Swarming

While these posts have generally been about elevating your debugging abilities to Yoda-like stature, today I will like to riff a bit on swarming.

For those not familiar with the term, swarming refers to assembling a large group of people on a problem in order to come to some kind of resolution. Ideally, a swarm should have the following basic properties:

  1. There should be a decent number of individuals to bring lots of "eyes" on the problem.
  2. There should not be so many humans that a large number of them are sitting idle, twiddling their thumbs.
  3. There should be a wide representation of skills and SMEs (Subject Matter Experts) in the swarm.
  4. There needs to be a good (single!) communication channel for the swarm.

Eyes on the prize

The point of a swarm is to bring different perspectives on a problem. While it is possible to swarm with as little as two people, generally that won't be as effective as a larger group. That said, I have found that the very act of verbalizing a problem to even a single person not intimately familiar with an issue can be a catalyst to uncovering a solution.

Generally an effective swarm will have a half-dozen or so people.

Of course, there is no hard and fast rule here, so it is probably more instructive to grok the basic principle rather than slavishly follow some prescription. The effectiveness of the swarm comes primarily from the different perspectives of the people involved.
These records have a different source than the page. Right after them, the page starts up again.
lemma box_test_tendsto_indicator:
  "(\<lambda>k. box_test (real k) a b x) \<longlonglongrightarrow> indicator (box a b) x"
  unfolding box_test_def prod_indicator_box[symmetric]
  by (intro tendsto_prod interval_bump_tendsto_indicator)

lemma Cc_inf_box_test: "n \<ge> 0 \<Longrightarrow> Cc_inf UNIV (box_test n a b)"
proof -
  assume "n \<ge> 0"
  then have "{x. box_test n a b x \<noteq> 0} \<subseteq> cbox a b"
    using box_test_eq_0 box_subset_cbox by blast
  then have "tsupport (box_test n a b) \<subseteq> cbox a b"
    unfolding tsupport_def by (rule closure_minimal) (simp add: closed_cbox)
  then have "compact (tsupport (box_test n a b))"
    by (metis bounded_cbox bounded_subset closed_closure compact_eq_bounded_closed tsupport_def)
  moreover have "smooth_on UNIV (box_test n a b)"
    unfolding box_test_eq_tensor_deriv by (intro smooth_on_tensor_deriv smooth_real_interval_bump)
  ultimately show ?thesis
    by (simp add: Cc_inf_def)
qed

section \<open>Functions orthogonal to all test functions\<close>

lemma emeasure_density_box:
  fixes f :: "'a::euclidean_space \<Rightarrow> real"
  assumes [measurable]: "f \<in> borel_measurable lborel" and "\<And>x. 0 \<le> f x"
    and "integrable lborel (\<lambda>x. indicator (box a b) x * f x)"
  shows "emeasure (density lborel (\<lambda>x. ennreal (f x))) (box a b) =
           ennreal (\<integral>x. indicator (box a b) x * f x \<partial>lborel)"
proof -
  have "emeasure (density lborel (\<lambda>x. ennreal (f x))) (box a b) =
          (\<integral>\<^sup>+ x. ennreal (indicator (box a b) x * f x) \<partial>lborel)"
    by (subst emeasure_density) (auto intro!: nn_integral_cong split: split_indicator)
  also have "\<dots> = ennreal (\<integral>x. indicator (box a b) x * f x \<partial>lborel)"
    using assms by (intro nn_integral_eq_integral) auto
  finally show ?thesis .
qed

lemma density_lborel_eq_if_box_integrals_eq:
  fixes f g :: "'a::euclidean_space \<Rightarrow> real"
  assumes [measurable]: "f \<in> borel_measurable lborel" "g \<in> borel_measurable lborel"
    and nonneg: "\<And>x. 0 \<le> f x" "\<And>x. 0 \<le> g x"
    and int: "\<And>a b. integrable lborel (\<lambda>x. indicator (box a b) x * f x)"
             "\<And>a b. integrable lborel (\<lambda>x. indicator (box a b) x * g x)"
    and eq: "\<And>a b. (\<integral>x. indicator (box a b) x * f x \<partial>lborel) = (\<integral>x. indicator (box a b) x * g x \<partial>lborel)"
  shows "density lborel (\<lambda>x. ennreal (f x)) = density lborel (\<lambda>x. ennreal (g x))"
proof (rule measure_eqI_generator_eq[where E="range (\<lambda>(a, b). box a b)" and \<Omega>=UNIV
      and A="\<lambda>n::nat. box (- (real n *\<^sub>R One)) (real n *\<^sub>R One)"])
  show "Int_stable (range (\<lambda>(a, b). box a b :: 'a set))"
    by (auto simp: Int_stable_def box_Int_box)
  show "sets (density lborel (\<lambda>x. ennreal (f x))) = sigma_sets UNIV (range (\<lambda>(a, b). box a b))"
       "sets (density lborel (\<lambda>x. ennreal (g x))) = sigma_sets UNIV (range (\<lambda>(a, b). box a b))"
    by (simp_all add: borel_eq_box)
  show "(\<Union>n::nat. box (- (real n *\<^sub>R One)) (real n *\<^sub>R One) :: 'a set) = UNIV"
    by (rule UN_box_eq_UNIV)
  show "emeasure (density lborel (\<lambda>x. ennreal (f x))) (box (- (real n *\<^sub>R One)) (real n *\<^sub>R One)) \<noteq> \<infinity>"
    for n
    by (simp add: emeasure_density_box nonneg int)
  show "emeasure (density lborel (\<lambda>x. ennreal (f x))) X = emeasure (density lborel (\<lambda>x. ennreal (g x))) X"
    if "X \<in> range (\<lambda>(a, b). box a b)" for X
    using that by (auto simp: emeasure_density_box nonneg int eq)
qed auto

lemma AE_eq_0_if_box_integrals_eq_0:
  fixes h :: "'a::euclidean_space \<Rightarrow> real"
  assumes [measurable]: "h \<in> borel_measurable lborel"
    and int: "\<And>a b. integrable lborel (\<lambda>x. indicator (box a b) x * h x)"
    and zero: "\<And>a b. (\<integral>x. indicator (box a b) x * h x \<partial>lborel) = 0"
  shows "AE x in lborel. h x = 0"
proof -
  define hp where "hp x = max (h x) 0" for x
  define hn where "hn x = max (- h x) 0" for x
  have [measurable]: "hp \<in> borel_measurable lborel" "hn \<in> borel_measurable lborel"
    unfolding hp_def hn_def by measurable
  have split: "indicator (box a b) x * h x = indicator (box a b) x * hp x - indicator (box a b) x * hn x"
    for a b x
    by (auto simp: hp_def hn_def max_def split: split_indicator)
  have int_hp: "integrable lborel (\<lambda>x. indicator (box a b) x * hp x)"
   and int_hn: "integrable lborel (\<lambda>x. indicator (box a b) x * hn x)" for a b
    by (rule Bochner_Integration.integrable_bound[OF int[of a b]];
        auto simp: hp_def hn_def split: split_indicator)+
  have "density lborel (\<lambda>x. ennreal (hp x)) = density lborel (\<lambda>x. ennreal (hn x))"
  proof (rule density_lborel_eq_if_box_integrals_eq)
    show "(\<integral>x. indicator (box a b) x * hp x \<partial>lborel) = (\<integral>x. indicator (box a b) x * hn x \<partial>lborel)"
      for a b
      using zero[of a b] int_hp int_hn unfolding split by simp
  qed (fact int_hp int_hn | simp add: hp_def hn_def)+
  then have "AE x in lborel. ennreal (hp x) = ennreal (hn x)"
    by (intro sigma_finite_measure.density_unique[OF sigma_finite_lborel]) auto
  then show ?thesis
    by eventually_elim (auto simp: hp_def hn_def max_def split: if_splits)
qed

lemma square_integrable_imp_integrable_on_cbox:
  fixes h :: "'a::euclidean_space \<Rightarrow> real"
  assumes [measurable]: "h \<in> borel_measurable lborel" and "integrable lborel (\<lambda>x. (h x)\<^sup>2)"
  shows "integrable lborel (\<lambda>x. indicator (cbox a b) x * h x)"
proof (rule Bochner_Integration.integrable_bound)
  show "integrable lborel (\<lambda>x. (h x)\<^sup>2 + indicator (cbox a b) x)"
    using assms(2) emeasure_lborel_cbox_finite by (intro Bochner_Integration.integrable_add integrable_real_indicator) auto
  have "\<bar>y\<bar> \<le> y\<^sup>2 + 1" for y :: real
  proof -
    have "0 \<le> (\<bar>y\<bar> - 1)\<^sup>2" by simp
    then show ?thesis by (simp add: power2_diff)
  qed
  then show "AE x in lborel. norm (indicator (cbox a b) x * h x) \<le> norm ((h x)\<^sup>2 + indicator (cbox a b) x)"
    by (auto split: split_indicator)
qed simp

lemma AE_eq_0_if_test_integrals_eq_0:
  fixes h :: "fn3"
  assumes [measurable]: "h \<in> borel_measurable lborel"
    and int: "\<And>a b. integrable lborel (\<lambda>x. indicator (cbox a b) x * h x)"
    and zero: "\<And>\<phi>. Cc_inf UNIV \<phi> \<Longrightarrow> (\<integral>x. h x * \<phi> x \<partial>lborel) = 0"
  shows "AE x in lborel. h x = 0"
proof (rule AE_eq_0_if_box_integrals_eq_0)
  fix a b :: R3
  have bound: "\<bar>f x * h x\<bar> \<le> \<bar>indicator (cbox a b) x * h x\<bar>"
    if "\<bar>f x\<bar> \<le> indicator (box a b) x" for f :: fn3 and x
  proof (cases "x \<in> box a b")
    case True
    then have "x \<in> cbox a b" using box_subset_cbox by blast
    with True that show ?thesis by (simp add: abs_mult mult_left_le_one_le)
  next
    case False
    with that show ?thesis by simp
  qed
  show int_box: "integrable lborel (\<lambda>x. indicator (box a b) x * h x)"
    using bound[of "indicator (box a b)"]
    by (intro Bochner_Integration.integrable_bound[OF int[of a b]] AE_I2) auto
  have [measurable]: "box_test n a b \<in> borel_measurable lborel" for n
    using borel_measurable_continuous_onI[OF continuous_on_box_test] by simp
  have "(\<lambda>k. \<integral>x. h x * box_test (real k) a b x \<partial>lborel) \<longlonglongrightarrow> (\<integral>x. indicator (box a b) x * h x \<partial>lborel)"
  proof (rule integral_dominated_convergence[where w="\<lambda>x. \<bar>indicator (cbox a b) x * h x\<bar>"])
    show "integrable lborel (\<lambda>x. \<bar>indicator (cbox a b) x * h x\<bar>)"
      using int by (rule integrable_abs)
    show "AE x in lborel. (\<lambda>k. h x * box_test (real k) a b x) \<longlonglongrightarrow> indicator (box a b) x * h x"
      using box_test_tendsto_indicator by (auto intro!: tendsto_mult_left simp: mult.commute)
    show "AE x in lborel. norm (h x * box_test (real k) a b x) \<le> \<bar>indicator (cbox a b) x * h x\<bar>" for k
      using bound[of "box_test (real k) a b"] box_test_abs_le_indicator
      by (intro AE_I2) (simp add: mult.commute)
  qed measurable
  moreover have "(\<integral>x. h x * box_test (real k) a b x \<partial>lborel) = 0" for k
    by (intro zero Cc_inf_box_test) simp
  ultimately show "(\<integral>x. indicator (box a b) x * h x \<partial>lborel) = 0"
    by (simp add: LIMSEQ_const_iff)
qed measurable
lemma fract_deriv_mult:
  fixes d :: "'a::idom \<Rightarrow> 'a"
  assumes d: "derivation d" and b: "b \<noteq> 0" and e: "e \<noteq> 0"
  shows "fract_deriv d (Fract a b * Fract c e)
    = Fract a b * fract_deriv d (Fract c e) + fract_deriv d (Fract a b) * Fract c e"
proof -
  have "fract_deriv d (Fract a b * Fract c e)
      = Fract (d (a * c) * (b * e) - (a * c) * d (b * e)) ((b * e) * (b * e))"
    using b e by (simp add: fract_deriv_Fract[OF d])
  also have "\<dots> = Fract ((b * e) * (d (a * c) * (b * e) - (a * c) * d (b * e)))
      ((b * e) * ((b * e) * (b * e)))"
    using b e by (intro mult_fract_cancel[symmetric]) simp
  also have "(b * e) * (d (a * c) * (b * e) - (a * c) * d (b * e))
      = a * (d c * e - c * d e) * (b * b * e) + (d a * b - a * d b) * c * (b * (e * e))"
    by (simp add: derivation_mult[OF d] algebra_simps)
  also have "(b * e) * ((b * e) * (b * e)) = (b * (e * e)) * (b * b * e)"
    by (simp add: algebra_simps)
  also have "Fract (a * (d c * e - c * d e) * (b * b * e) + (d a * b - a * d b) * c * (b * (e * e)))
      ((b * (e * e)) * (b * b * e))
    = Fract a b * fract_deriv d (Fract c e) + fract_deriv d (Fract a b) * Fract c e"
    using b e by (simp add: fract_deriv_Fract[OF d])
  finally show ?thesis .
qed

lemma derivation_fract_deriv:
  fixes d :: "'a::idom \<Rightarrow> 'a"
  assumes d: "derivation d"
  shows "derivation (fract_deriv d)"
  unfolding derivation_def
proof (intro conjI allI)
  fix p q :: "'a fract"
  show "fract_deriv d (p + q) = fract_deriv d p + fract_deriv d q"
    by (cases p; cases q) (clarify, rule fract_deriv_add[OF d], assumption+)
  show "fract_deriv d (p * q) = p * fract_deriv d q + fract_deriv d p * q"
    by (cases p; cases q) (clarify, rule fract_deriv_mult[OF d], assumption+)
qed

lemma fract_deriv_commute:
  fixes d1 d2 :: "'a::idom \<Rightarrow> 'a"
  assumes d1: "derivation d1" and d2: "derivation d2" and commute: "\<And>a. d1 (d2 a) = d2 (d1 a)"
  shows "fract_deriv d1 (fract_deriv d2 q) = fract_deriv d2 (fract_deriv d1 q)"
proof (cases q)
  fix a b
  assume q: "q = Fract a b" and b: "b \<noteq> 0"
  have "d1 (d2 a * b - a * d2 b) * (b * b) - (d2 a * b - a * d2 b) * d1 (b * b)
      = d2 (d1 a * b - a * d1 b) * (b * b) - (d1 a * b - a * d1 b) * d2 (b * b)"
    by (simp add: derivation_laws[OF d1] derivation_laws[OF d2] commute algebra_simps)
  then show ?thesis
    using q b by (simp add: fract_deriv_Fract[OF d1] fract_deriv_Fract[OF d2])
qed

lemma derivation_Q_dx: "derivation Q_dx"
  unfolding Q_dx_def by (rule derivation_fract_deriv[OF derivation_A_dx])

lemma derivation_Q_dy: "derivation Q_dy"
  unfolding Q_dy_def by (rule derivation_fract_deriv[OF derivation_A_dy])

lemma derivation_Q_dz: "derivation Q_dz"
  unfolding Q_dz_def by (rule derivation_fract_deriv[OF derivation_A_dz])

lemma Q_d_commute:
  "Q_dy (Q_dx a) = Q_dx (Q_dy a)" "Q_dz (Q_dx a) = Q_dx (Q_dz a)" "Q_dz (Q_dy a) = Q_dy (Q_dz a)"
  unfolding Q_dx_def Q_dy_def Q_dz_def
  by (simp_all add: fract_deriv_commute derivation_A_dx derivation_A_dy derivation_A_dz A_d_commute)

lemma Q_d_coordinates:
  "Q_dx Q_x = 1" "Q_dx Q_y = 0" "Q_dx Q_z = 0"
  "Q_dy Q_x = 0" "Q_dy Q_y = 1" "Q_dy Q_z = 0"
  "Q_dz Q_x = 0" "Q_dz Q_y = 0" "Q_dz Q_z = 1"
  "Q_dx (Q_const k) = 0" "Q_dy (Q_const k) = 0" "Q_dz (Q_const k) = 0"
  by (simp_all add: Q_dx_def Q_dy_def Q_dz_def Q_x_def Q_y_def Q_z_def Q_const_def fract_deriv_Fract_1
      derivation_A_dx derivation_A_dy derivation_A_dz A_d_coordinates A_d_const
      One_fract_def Zero_fract_def)

lemma Q_const_add: "Q_const (a + b) = Q_const a + Q_const b"
  by (simp add: Q_const_def A_const_add)

lemma Q_const_1: "Q_const 1 = 1"
  by (simp add: Q_const_def A_const_1 One_fract_def)

lemma derivation_eq_0_fracA:
  fixes E :: "fracA \<Rightarrow> fracA"
  assumes E: "derivation E" and E_emb: "\<And>k a. E (Q_const k * a) = Q_const k * E a"
    and E_coordinates: "E Q_x = 0" "E Q_y = 0" "E Q_z = 0"
  shows "E f = 0"
proof -
  have E_poly: "E (Fract p 1) = 0" for p
  proof (rule derivation_eq_0_on_polyA_image[OF E, where i = "\<lambda>p. Fract p 1"])
    show "E (Fract (A_const k) 1) = 0" for k
      using E_emb[of k 1] derivation_1[OF E] by (simp add: Q_const_def)
  qed (use E_coordinates in \<open>simp_all add: Q_x_def Q_y_def Q_z_def\<close>)
  obtain n m where f: "f = Fract n m" and m: "m \<noteq> 0"
    by (cases f)
  \<comment> \<open>quotient rule: \<open>0 = E n = f E m + E f m\<close> with \<open>E m = 0\<close>\<close>
  have "Fract n 1 = f * Fract m 1"
    using f m by (simp add: eq_fract)
  then have "E f * Fract m 1 = 0"
    using E_poly[of n] E_poly[of m] derivation_mult[OF E, of f "Fract m 1"] by simp
  moreover have "Fract m 1 \<noteq> 0"
    using m by (simp add: Zero_fract_def eq_fract)
  ultimately show "E f = 0" by simp
qed

lemma coordinate_derivations_Q: "coordinate_derivations Q_const Q_x Q_y Q_z Q_dx Q_dy Q_dz"
proof
  fix E :: "fracA \<Rightarrow> fracA" and f
  assume "derivation E" "\<And>k a. E (Q_const k * a) = Q_const k * E a"
    "E Q_x = 0" "E Q_y = 0" "E Q_z = 0"
  then show "E f = 0" by (rule derivation_eq_0_fracA)
qed (simp_all add: Q_const_add Q_const_1 derivation_Q_dx derivation_Q_dy derivation_Q_dz Q_d_commute Q_d_coordinates)

section \<open>The completion \<open>\<complex>[[X, Y, Z]]\<close>\<close>

definition adically_separated :: "'a::comm_semiring_1 \<Rightarrow> bool" where
  "adically_separated t \<longleftrightarrow> (\<forall>f. (\<forall>n. t ^ n dvd f) \<longrightarrow> f = 0)"

lemma adically_separated_fps_X: "adically_separated (fps_X :: 'a::comm_ring_1 fps)"
  unfolding adically_separated_def
proof (intro allI impI fps_ext)
  fix f :: "'a fps" and i
  assume "\<forall>n. fps_X ^ n dvd f"
  then obtain w where "f = fps_X ^ Suc i * w"
    by (meson dvdE)
  then show "f $ i = 0 $ i"
    by (simp add: fps_X_power_mult_nth del: power_Suc)
qed

lemma adically_separated_fps_const:
  fixes c :: "'a::comm_ring_1"
  assumes "adically_separated c"
  shows "adically_separated (fps_const c)"
  unfolding adically_separated_def
proof (intro allI impI fps_ext)
  fix f i
  assume f: "\<forall>n. fps_const c ^ n dvd f"
  have "c ^ n dvd f $ i" for n
  proof -
    obtain w where "f = fps_const c ^ n * w"
      using f by (meson dvdE)
    then show ?thesis by simp
  qed
  then show "f $ i = 0 $ i"
    using assms by (simp add: adically_separated_def)
qed

lemma fps_eq_const_plus_X_mult_shift: "(f :: 'a::comm_ring_1 fps) = fps_const (f $ 0) + fps_X * fps_shift 1 f"
proof (rule fps_ext)
  fix n
  show "f $ n = (fps_const (f $ 0) + fps_X * fps_shift 1 f) $ n"
    by (cases n) (simp_all add: fps_X_mult_nth)
qed

text \<open>If every \<open>h r\<close> is \<open>k r\<^sub>0 + t h r\<^sub>1\<close>, then \<open>E (h r) = t E (h r\<^sub>1)\<close>; iterating, \<open>E (h r)\<close> is
  divisible by every power of \<open>t\<close>.\<close>

lemma derivation_eq_0_if_adically_separated:
  fixes E :: "'b::comm_ring_1 \<Rightarrow> 'b" and h :: "'r \<Rightarrow> 'b" and k :: "'s \<Rightarrow> 'b"
  assumes E: "derivation E" and t: "adically_separated t" "E t = 0"
    and decompose: "\<And>r. \<exists>r0 r1. h r = k r0 + t * h r1" and E_k: "\<And>r0. E (k r0) = 0"
  shows "E (h r) = 0"
proof -
  have "t ^ n dvd E (h r)" for n
  proof (induction n arbitrary: r)
    case (Suc n)
    obtain r0 r1 where "h r = k r0 + t * h r1"
      using decompose by blast
    then have "E (h r) = t * E (h r1)"
      using t(2) E_k by (simp add: derivation_laws[OF E])
    then show ?case
      using Suc.IH[of r1] by (simp add: mult_dvd_mono)
  qed simp
  then show ?thesis
    using t(1) unfolding adically_separated_def by blast
qed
There will probably be one person that is driving the group (as a master debugger, that may be you). But think of a swarm as a brainstorming exercise, where no idea is "stupid". Get stuff out on the table and look at everything.

Remember that scene in "Apollo 13" where they are trying to figure out how to not kill the astronauts? Someone dumps a bunch of hardware on the table, and the engineers around that table try to figure out a solution to the air scrubbing problem. That was a swarm.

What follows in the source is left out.